Source data
####################

theorem WL_complete:
  assumes mo: "musielak_orlicz \<phi>" and lt: "unif_lower_type \<phi> p" and p: "p > 0"
    and F: "\<And>k. F k \<in> WL \<phi>"
    and Cauchy: "\<And>\<epsilon>. \<epsilon> > 0 \<Longrightarrow> \<exists>N. \<forall>k\<ge>N. \<forall>m\<ge>N. WL_norm \<phi> (\<lambda>x. F k x - F m x) < \<epsilon>"
  shows "\<exists>f \<in> WL \<phi>. (\<lambda>k. WL_norm \<phi> (\<lambda>x. F k x - f x)) \<longlonglongrightarrow> 0"
proof -
  have Fm[measurable]: "\<And>k. F k \<in> borel_measurable lebesgue" using F unfolding WL_eq_weak_modular by auto
  have modular_Cauchy: "\<exists>N. \<forall>k\<ge>N. \<forall>m\<ge>N. weak_modular \<phi> (\<lambda>x. F k x - F m x) e \<le> 1"
    if "e > 0" for e
    using WL_Cauchy_imp_weak_modular_Cauchy[OF mo lt p F Cauchy that] .
  obtain kk f where kk: "\<And>j. j \<le> kk j" and fm[measurable]: "f \<in> borel_measurable lebesgue"
    and lim: "AE x in lebesgue. (\<lambda>j. F (kk j) x) \<longlonglongrightarrow> f x"
    using weak_modular_Cauchy_AE_convergent_subseq[OF mo lt p Fm modular_Cauchy] by blast
  have tail: "\<exists>M. \<forall>k\<ge>M. weak_modular \<phi> (\<lambda>x. F k x - f x) e \<le> 1" if e: "e > 0" for e
  proof -
    obtain M where M: "\<And>k m. k \<ge> M \<Longrightarrow> m \<ge> M \<Longrightarrow> weak_modular \<phi> (\<lambda>x. F k x - F m x) e \<le> 1"
      using modular_Cauchy[OF e] by blast
    have "weak_modular \<phi> (\<lambda>x. F k x - f x) e \<le> liminf (\<lambda>j. weak_modular \<phi> (\<lambda>x. F k x - F (kk j) x) e)" for k
    proof (rule weak_modular_le_liminf[OF mo _ _ e])
      show "AE x in lebesgue. (\<lambda>j. F k x - F (kk j) x) \<longlonglongrightarrow> F k x - f x"
        using lim by eventually_elim (intro tendsto_intros)
    qed simp
    also have "\<dots> k \<le> 1" if "k \<ge> M" for k
      using M[OF that order_trans[OF _ kk]] by (intro Liminf_le) (auto simp: eventually_sequentially)
    finally show ?thesis by blast
  qed
  obtain k where "weak_modular \<phi> (\<lambda>x. F k x - f x) 1 \<le> 1" using tail[of 1] by auto
  then have "(\<lambda>x. F k x - f x) \<in> WL \<phi>" unfolding WL_eq_weak_modular by (auto intro!: exI[of _ 1] simp: le_less_trans)
  from WL_diff[OF mo F[of k] this] have "f \<in> WL \<phi>" by simp
  moreover have "(\<lambda>k. WL_norm \<phi> (\<lambda>x. F k x - f x)) \<longlonglongrightarrow> 0"
  proof (rule LIMSEQ_I)
    fix r :: real assume r: "r > 0"
    then obtain M where M: "\<And>k. k \<ge> M \<Longrightarrow> weak_modular \<phi> (\<lambda>x. F k x - f x) (r/2) \<le> 1"
      using tail[of "r/2"] by auto
    have "norm (WL_norm \<phi> (\<lambda>x. F k x - f x) - 0) < r" if "k \<ge> M" for k
      using WL_norm_le_if_weak_modular_le_1[OF _ M[OF that]] r by auto
    then show "\<exists>M. \<forall>k\<ge>M. norm (WL_norm \<phi> (\<lambda>x. F k x - f x) - 0) < r" by blast
  qed
  ultimately show ?thesis by blast
qed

####################

# [EXERCISE BRIEF]
The lines holding the word "unfolding" are the answer. Find them in the entries and copy them.

# [OUTPUT]
  have Fm[measurable]: "\<And>k. F k \<in> borel_measurable lebesgue" using F unfolding WL_eq_weak_modular by auto
  then have "(\<lambda>x. F k x - f x) \<in> WL \<phi>" unfolding WL_eq_weak_modular by (auto intro!: exI[of _ 1] simp: le_less_trans)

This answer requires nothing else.